Data provided —
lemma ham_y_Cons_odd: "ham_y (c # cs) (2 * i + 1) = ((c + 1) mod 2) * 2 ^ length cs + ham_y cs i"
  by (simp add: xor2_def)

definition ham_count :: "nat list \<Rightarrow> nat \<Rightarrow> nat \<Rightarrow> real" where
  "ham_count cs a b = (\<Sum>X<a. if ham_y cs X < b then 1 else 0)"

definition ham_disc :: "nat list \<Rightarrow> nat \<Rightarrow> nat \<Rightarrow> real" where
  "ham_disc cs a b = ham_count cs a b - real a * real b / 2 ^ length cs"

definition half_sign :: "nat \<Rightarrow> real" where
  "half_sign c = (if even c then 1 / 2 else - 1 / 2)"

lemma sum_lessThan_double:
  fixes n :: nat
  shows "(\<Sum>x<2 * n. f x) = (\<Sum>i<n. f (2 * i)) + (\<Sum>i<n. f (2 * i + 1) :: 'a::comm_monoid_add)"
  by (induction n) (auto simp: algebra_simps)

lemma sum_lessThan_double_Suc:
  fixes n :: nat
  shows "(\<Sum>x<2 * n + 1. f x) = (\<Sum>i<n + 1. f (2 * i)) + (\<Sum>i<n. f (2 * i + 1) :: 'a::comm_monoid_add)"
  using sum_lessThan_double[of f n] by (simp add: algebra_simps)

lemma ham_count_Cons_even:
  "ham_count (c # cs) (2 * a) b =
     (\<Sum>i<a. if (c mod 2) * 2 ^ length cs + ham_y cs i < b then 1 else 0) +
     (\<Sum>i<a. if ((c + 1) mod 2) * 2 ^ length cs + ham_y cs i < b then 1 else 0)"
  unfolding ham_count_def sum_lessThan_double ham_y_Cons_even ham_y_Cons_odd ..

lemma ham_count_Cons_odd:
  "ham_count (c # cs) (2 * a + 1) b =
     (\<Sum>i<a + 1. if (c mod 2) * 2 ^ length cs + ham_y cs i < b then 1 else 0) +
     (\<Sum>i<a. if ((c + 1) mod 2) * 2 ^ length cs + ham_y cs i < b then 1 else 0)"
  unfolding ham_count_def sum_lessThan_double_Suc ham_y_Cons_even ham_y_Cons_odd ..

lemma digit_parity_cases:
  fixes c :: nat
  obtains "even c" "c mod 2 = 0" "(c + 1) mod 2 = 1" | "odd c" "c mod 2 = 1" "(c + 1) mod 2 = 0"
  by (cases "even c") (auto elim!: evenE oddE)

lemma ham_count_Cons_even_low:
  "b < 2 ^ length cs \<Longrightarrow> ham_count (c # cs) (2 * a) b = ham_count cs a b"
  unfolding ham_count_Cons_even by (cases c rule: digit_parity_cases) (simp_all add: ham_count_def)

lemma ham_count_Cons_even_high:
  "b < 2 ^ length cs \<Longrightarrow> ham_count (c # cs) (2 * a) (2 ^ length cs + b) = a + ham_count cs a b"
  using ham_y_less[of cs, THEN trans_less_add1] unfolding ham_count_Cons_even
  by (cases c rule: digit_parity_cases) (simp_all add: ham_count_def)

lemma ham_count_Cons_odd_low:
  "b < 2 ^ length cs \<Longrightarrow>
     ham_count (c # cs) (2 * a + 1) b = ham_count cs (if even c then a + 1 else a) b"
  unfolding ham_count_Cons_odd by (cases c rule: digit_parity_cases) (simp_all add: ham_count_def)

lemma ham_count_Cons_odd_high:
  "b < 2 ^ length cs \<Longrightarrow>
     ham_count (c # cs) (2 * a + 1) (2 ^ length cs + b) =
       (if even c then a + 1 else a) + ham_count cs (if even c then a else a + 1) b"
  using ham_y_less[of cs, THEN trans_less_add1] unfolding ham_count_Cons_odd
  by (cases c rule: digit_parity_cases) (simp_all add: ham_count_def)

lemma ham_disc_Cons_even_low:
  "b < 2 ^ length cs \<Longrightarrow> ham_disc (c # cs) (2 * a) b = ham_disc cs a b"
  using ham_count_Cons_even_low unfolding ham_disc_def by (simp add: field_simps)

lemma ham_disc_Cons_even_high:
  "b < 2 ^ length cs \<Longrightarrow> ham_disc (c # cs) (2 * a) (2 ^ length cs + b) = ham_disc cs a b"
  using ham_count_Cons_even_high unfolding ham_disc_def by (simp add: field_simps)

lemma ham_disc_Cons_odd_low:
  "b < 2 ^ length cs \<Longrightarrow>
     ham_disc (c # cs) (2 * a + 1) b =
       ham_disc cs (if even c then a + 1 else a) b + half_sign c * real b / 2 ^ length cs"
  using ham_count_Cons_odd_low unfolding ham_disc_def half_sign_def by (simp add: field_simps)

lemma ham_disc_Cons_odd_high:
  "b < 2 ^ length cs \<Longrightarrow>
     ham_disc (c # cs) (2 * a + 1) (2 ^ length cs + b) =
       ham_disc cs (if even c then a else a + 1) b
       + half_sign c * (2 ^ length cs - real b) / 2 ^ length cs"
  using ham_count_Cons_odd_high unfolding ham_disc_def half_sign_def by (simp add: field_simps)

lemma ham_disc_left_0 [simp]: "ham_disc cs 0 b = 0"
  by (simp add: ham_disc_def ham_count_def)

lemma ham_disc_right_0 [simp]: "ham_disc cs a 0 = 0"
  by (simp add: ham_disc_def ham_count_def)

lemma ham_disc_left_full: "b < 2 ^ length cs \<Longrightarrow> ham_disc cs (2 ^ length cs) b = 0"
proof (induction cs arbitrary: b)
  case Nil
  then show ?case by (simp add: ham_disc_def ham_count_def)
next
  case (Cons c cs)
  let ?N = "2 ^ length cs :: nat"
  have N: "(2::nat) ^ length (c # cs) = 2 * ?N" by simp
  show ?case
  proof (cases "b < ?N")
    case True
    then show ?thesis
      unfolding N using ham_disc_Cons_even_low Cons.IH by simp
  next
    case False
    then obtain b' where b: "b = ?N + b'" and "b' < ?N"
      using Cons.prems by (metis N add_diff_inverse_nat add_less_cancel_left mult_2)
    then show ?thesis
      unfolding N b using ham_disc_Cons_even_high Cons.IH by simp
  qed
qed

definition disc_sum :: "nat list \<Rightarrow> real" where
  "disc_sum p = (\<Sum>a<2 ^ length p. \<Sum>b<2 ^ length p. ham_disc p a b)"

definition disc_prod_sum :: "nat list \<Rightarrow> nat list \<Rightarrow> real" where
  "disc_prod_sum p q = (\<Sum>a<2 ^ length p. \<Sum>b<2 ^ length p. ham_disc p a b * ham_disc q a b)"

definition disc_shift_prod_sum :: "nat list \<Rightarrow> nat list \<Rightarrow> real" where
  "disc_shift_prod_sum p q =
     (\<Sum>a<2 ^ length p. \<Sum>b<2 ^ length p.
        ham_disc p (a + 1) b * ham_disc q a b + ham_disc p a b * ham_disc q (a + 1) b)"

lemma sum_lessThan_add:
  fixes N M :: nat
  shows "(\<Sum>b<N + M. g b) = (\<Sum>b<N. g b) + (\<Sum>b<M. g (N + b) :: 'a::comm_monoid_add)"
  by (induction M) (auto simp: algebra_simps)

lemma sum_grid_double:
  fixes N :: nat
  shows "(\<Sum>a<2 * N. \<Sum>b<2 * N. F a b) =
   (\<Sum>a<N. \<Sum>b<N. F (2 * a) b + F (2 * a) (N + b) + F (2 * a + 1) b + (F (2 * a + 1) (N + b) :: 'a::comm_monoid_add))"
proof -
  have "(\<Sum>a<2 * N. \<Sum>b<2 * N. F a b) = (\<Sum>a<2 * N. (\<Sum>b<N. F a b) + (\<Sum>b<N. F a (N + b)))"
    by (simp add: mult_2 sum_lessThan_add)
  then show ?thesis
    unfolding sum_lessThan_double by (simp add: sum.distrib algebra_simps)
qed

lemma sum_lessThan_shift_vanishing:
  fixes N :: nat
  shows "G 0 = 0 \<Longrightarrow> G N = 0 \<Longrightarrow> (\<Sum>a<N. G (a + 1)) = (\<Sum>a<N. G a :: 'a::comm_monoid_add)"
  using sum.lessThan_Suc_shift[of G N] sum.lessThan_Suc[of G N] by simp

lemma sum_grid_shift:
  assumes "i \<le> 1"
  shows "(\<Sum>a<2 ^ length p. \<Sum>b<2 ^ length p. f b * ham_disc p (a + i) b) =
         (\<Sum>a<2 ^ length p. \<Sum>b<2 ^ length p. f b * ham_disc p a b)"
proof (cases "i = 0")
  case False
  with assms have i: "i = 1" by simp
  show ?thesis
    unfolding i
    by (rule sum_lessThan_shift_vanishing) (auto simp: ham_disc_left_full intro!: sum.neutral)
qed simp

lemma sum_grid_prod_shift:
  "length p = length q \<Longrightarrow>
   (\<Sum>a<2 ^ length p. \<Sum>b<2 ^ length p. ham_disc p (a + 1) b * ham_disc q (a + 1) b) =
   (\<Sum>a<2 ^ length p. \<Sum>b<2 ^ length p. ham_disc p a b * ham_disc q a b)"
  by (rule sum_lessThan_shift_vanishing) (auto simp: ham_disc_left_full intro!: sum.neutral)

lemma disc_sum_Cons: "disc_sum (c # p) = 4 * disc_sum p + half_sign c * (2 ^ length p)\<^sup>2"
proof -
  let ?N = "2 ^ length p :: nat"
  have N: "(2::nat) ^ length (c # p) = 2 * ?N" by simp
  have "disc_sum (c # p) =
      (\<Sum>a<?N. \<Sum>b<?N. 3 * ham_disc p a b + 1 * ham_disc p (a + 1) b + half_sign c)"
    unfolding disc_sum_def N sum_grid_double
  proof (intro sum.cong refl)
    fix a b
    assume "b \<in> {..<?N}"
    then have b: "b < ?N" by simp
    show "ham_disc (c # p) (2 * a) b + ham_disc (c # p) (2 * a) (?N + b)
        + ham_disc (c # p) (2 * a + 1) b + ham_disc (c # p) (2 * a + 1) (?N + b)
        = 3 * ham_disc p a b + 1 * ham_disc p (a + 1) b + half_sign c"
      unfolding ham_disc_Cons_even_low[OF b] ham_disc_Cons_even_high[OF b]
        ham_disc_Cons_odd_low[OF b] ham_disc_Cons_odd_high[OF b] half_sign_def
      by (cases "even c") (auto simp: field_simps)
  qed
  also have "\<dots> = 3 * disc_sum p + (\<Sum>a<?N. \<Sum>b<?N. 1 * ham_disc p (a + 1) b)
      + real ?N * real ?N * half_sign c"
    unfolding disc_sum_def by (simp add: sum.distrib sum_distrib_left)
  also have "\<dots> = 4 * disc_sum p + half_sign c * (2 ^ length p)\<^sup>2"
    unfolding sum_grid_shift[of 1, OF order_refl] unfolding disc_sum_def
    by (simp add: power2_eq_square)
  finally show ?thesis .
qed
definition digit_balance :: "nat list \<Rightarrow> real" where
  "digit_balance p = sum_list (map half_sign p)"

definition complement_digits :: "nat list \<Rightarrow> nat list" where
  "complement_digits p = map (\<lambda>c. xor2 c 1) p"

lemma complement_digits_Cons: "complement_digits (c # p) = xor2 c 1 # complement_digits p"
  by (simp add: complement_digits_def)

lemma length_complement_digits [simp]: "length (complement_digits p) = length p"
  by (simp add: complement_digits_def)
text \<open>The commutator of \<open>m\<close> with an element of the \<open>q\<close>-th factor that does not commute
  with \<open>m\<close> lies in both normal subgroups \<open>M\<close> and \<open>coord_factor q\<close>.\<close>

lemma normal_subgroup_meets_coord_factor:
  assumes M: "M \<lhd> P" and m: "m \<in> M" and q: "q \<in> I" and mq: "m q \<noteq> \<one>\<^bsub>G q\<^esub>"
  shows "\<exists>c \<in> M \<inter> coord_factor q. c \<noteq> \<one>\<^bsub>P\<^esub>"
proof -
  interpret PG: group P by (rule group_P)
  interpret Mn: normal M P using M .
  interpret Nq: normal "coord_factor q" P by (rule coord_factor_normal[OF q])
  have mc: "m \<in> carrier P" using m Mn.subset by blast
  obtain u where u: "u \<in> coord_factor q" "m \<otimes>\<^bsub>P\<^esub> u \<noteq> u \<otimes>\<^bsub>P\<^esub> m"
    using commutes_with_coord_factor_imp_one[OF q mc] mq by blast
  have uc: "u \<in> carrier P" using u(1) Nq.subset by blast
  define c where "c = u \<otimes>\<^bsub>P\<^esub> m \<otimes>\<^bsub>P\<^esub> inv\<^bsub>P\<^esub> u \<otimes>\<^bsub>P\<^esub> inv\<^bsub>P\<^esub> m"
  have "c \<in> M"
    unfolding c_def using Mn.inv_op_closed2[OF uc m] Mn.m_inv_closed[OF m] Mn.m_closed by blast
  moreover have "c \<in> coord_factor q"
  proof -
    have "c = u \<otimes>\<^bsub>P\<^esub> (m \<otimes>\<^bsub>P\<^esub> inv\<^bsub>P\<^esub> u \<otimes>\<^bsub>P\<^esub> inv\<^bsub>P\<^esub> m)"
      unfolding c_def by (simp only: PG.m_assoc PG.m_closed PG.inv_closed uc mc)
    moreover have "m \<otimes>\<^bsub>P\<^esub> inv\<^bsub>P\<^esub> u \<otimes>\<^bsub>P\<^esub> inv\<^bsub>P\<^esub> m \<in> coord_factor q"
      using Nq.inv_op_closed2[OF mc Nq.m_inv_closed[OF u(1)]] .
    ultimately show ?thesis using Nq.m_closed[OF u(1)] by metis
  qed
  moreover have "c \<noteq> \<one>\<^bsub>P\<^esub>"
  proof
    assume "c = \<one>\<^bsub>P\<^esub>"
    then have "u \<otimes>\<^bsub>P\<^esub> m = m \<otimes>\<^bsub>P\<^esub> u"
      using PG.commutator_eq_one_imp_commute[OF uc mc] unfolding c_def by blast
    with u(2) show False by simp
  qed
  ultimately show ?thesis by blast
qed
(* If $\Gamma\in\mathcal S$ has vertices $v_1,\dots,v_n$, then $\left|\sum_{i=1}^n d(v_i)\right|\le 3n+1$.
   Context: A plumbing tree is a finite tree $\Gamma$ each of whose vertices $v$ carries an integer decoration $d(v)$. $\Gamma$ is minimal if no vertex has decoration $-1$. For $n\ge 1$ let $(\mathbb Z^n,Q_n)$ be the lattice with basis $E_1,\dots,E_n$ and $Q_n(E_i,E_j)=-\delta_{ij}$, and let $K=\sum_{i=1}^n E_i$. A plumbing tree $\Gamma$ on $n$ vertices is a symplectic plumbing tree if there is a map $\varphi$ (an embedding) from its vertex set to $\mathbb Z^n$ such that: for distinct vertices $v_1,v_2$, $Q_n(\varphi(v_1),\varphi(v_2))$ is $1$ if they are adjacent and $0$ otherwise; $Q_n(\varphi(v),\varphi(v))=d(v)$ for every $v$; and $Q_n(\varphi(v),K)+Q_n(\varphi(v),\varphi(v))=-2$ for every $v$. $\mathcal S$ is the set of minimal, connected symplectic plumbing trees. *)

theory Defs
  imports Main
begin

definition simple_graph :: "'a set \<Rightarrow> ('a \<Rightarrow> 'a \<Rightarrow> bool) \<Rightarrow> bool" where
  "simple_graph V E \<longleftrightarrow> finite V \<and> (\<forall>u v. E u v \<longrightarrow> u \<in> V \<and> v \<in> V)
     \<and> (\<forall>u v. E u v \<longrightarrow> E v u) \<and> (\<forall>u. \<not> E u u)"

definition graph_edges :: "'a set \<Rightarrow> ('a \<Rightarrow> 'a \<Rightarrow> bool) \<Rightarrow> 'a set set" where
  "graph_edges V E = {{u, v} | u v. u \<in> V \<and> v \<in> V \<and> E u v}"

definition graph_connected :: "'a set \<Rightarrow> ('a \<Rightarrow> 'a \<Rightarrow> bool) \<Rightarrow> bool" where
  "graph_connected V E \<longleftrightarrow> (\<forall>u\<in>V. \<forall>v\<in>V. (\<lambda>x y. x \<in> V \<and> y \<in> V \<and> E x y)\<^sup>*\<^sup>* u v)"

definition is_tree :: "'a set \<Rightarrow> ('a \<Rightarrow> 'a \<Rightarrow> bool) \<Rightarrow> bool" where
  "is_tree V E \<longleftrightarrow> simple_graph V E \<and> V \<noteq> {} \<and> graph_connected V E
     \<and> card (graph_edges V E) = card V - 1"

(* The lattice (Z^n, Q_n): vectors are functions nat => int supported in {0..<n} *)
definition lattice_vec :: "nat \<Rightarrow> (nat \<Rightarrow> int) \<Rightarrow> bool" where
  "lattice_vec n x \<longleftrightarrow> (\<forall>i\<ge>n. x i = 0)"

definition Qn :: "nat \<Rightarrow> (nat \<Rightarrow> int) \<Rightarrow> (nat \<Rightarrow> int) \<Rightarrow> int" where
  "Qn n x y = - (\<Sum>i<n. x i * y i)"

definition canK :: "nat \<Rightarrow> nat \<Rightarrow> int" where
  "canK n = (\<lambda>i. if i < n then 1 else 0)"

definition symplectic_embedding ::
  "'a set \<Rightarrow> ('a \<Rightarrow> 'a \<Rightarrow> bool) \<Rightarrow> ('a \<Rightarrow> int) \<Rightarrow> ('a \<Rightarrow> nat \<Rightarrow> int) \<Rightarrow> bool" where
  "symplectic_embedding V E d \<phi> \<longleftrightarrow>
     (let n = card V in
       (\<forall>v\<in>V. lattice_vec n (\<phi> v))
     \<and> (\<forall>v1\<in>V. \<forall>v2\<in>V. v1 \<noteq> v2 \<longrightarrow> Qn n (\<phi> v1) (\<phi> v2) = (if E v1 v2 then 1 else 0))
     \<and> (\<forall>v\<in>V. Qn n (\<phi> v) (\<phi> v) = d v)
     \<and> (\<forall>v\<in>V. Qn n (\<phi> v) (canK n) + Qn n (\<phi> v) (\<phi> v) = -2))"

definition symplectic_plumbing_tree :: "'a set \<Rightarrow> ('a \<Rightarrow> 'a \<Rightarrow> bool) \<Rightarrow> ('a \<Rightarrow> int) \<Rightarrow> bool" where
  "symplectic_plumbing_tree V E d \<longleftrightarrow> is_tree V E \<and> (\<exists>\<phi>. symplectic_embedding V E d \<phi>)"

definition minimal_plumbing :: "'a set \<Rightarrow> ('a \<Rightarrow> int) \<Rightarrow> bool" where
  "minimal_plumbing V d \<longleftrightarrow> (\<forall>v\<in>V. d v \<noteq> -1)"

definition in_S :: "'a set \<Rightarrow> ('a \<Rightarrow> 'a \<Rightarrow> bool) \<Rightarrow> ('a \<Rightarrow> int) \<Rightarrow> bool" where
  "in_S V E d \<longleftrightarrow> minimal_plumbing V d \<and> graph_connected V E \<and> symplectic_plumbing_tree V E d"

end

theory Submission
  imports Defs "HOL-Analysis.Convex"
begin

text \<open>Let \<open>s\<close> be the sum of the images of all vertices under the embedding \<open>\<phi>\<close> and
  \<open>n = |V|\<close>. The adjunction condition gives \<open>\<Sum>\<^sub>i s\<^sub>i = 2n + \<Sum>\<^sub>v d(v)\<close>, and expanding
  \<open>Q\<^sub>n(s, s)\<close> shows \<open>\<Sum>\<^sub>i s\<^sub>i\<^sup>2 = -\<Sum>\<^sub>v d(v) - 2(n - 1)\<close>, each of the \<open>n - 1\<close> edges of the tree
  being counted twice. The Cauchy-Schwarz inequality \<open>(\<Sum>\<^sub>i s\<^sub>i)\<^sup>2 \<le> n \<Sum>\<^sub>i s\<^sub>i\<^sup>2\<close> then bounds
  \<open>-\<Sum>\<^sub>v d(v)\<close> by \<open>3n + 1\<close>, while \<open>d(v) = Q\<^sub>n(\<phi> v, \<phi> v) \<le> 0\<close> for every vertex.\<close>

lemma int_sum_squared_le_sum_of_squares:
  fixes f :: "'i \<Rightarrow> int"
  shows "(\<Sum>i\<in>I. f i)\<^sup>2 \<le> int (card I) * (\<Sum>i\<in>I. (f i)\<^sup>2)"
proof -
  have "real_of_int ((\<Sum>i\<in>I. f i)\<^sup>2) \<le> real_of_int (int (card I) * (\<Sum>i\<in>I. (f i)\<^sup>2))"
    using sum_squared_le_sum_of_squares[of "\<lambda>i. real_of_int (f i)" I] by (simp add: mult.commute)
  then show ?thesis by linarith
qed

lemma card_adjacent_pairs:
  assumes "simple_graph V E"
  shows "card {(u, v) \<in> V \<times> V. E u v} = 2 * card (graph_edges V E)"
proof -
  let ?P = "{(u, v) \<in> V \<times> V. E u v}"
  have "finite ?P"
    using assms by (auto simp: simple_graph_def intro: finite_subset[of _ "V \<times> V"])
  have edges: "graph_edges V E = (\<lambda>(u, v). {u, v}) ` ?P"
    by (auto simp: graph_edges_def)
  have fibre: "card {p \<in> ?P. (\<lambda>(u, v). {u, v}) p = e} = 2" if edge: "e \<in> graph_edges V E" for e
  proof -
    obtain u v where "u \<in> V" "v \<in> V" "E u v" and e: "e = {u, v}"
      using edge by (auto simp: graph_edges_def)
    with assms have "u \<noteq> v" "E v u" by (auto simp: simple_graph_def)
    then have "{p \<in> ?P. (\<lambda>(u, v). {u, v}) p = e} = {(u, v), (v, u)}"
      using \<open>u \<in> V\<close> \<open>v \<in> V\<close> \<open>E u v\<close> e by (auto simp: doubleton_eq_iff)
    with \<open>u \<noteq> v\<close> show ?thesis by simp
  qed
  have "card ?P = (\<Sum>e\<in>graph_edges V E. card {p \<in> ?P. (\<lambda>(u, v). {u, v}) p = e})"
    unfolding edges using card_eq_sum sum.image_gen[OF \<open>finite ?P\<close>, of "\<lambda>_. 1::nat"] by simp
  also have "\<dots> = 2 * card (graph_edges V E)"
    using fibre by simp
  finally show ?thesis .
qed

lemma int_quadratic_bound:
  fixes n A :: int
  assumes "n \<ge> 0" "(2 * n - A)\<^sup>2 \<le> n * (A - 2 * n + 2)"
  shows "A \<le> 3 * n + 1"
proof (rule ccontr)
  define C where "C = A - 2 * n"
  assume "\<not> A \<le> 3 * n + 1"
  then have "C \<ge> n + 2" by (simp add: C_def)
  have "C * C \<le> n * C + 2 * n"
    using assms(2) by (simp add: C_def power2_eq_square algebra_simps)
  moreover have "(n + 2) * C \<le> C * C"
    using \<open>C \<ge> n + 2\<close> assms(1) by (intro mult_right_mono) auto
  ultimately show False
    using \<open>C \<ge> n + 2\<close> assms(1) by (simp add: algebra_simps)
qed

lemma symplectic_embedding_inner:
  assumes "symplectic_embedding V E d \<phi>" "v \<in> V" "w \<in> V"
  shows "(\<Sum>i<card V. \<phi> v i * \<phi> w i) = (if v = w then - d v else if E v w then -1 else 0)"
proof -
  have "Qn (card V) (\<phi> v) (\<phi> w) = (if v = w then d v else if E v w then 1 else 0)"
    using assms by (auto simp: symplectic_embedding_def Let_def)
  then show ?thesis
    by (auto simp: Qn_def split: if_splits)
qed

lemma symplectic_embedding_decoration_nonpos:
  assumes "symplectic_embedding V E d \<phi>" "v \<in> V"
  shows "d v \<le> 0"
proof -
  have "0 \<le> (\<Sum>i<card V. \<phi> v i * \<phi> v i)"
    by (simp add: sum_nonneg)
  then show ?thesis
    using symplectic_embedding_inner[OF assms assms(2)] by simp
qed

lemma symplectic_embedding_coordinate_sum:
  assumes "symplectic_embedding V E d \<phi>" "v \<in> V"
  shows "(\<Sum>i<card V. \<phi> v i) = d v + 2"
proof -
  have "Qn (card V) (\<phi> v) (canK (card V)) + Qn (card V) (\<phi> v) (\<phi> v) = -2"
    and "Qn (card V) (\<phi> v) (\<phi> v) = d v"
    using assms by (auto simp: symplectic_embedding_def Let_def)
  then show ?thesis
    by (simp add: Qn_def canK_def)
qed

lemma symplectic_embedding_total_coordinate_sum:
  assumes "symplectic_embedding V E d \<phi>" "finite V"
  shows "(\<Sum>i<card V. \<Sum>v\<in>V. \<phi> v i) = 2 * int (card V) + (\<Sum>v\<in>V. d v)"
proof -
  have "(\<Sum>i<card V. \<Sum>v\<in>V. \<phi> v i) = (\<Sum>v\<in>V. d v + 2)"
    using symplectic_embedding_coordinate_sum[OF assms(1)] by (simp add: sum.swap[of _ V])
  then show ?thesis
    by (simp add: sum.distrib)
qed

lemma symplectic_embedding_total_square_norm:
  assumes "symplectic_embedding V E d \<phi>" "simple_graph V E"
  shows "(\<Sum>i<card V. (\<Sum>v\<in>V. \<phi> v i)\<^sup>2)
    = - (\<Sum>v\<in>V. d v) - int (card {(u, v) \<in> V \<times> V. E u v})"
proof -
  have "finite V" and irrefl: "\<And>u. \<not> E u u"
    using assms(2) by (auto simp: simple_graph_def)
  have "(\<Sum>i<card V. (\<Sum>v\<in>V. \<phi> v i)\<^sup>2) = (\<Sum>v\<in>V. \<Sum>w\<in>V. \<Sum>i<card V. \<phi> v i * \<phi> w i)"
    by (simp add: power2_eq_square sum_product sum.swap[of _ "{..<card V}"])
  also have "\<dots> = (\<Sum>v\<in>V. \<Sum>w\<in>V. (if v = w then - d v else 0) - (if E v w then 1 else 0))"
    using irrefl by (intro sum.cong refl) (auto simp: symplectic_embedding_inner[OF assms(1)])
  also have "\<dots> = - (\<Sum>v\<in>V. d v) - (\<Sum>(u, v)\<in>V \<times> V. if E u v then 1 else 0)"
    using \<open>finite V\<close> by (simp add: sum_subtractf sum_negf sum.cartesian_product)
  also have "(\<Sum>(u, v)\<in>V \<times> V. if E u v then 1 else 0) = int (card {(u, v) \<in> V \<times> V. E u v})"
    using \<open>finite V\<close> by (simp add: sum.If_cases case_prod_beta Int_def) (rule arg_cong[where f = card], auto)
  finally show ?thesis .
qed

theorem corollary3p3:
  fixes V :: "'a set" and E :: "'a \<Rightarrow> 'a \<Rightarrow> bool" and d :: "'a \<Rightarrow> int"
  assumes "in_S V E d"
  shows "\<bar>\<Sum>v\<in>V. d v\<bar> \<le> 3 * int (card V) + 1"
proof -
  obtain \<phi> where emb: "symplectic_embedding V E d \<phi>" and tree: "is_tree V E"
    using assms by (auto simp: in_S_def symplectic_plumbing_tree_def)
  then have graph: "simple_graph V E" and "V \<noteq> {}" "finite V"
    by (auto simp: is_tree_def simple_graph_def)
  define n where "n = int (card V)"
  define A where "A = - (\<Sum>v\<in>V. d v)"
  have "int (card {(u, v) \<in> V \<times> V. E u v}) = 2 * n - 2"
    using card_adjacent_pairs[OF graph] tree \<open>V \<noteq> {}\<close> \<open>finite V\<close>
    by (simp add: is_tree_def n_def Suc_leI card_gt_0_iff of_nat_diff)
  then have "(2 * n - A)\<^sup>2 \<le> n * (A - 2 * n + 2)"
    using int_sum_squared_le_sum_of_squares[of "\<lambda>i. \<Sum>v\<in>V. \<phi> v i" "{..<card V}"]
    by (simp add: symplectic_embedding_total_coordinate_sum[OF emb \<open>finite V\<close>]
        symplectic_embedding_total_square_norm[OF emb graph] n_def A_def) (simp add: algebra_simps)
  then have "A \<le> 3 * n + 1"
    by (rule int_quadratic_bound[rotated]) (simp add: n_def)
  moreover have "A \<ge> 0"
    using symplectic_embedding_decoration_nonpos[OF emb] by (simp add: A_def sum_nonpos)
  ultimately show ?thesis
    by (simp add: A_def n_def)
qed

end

Assigned task — Some lines in the material contain "otimes". Show all of them.

Answer to the problem —
  obtain u where u: "u \<in> coord_factor q" "m \<otimes>\<^bsub>P\<^esub> u \<noteq> u \<otimes>\<^bsub>P\<^esub> m"
  define c where "c = u \<otimes>\<^bsub>P\<^esub> m \<otimes>\<^bsub>P\<^esub> inv\<^bsub>P\<^esub> u \<otimes>\<^bsub>P\<^esub> inv\<^bsub>P\<^esub> m"
    have "c = u \<otimes>\<^bsub>P\<^esub> (m \<otimes>\<^bsub>P\<^esub> inv\<^bsub>P\<^esub> u \<otimes>\<^bsub>P\<^esub> inv\<^bsub>P\<^esub> m)"
    moreover have "m \<otimes>\<^bsub>P\<^esub> inv\<^bsub>P\<^esub> u \<otimes>\<^bsub>P\<^esub> inv\<^bsub>P\<^esub> m \<in> coord_factor q"
    then have "u \<otimes>\<^bsub>P\<^esub> m = m \<otimes>\<^bsub>P\<^esub> u"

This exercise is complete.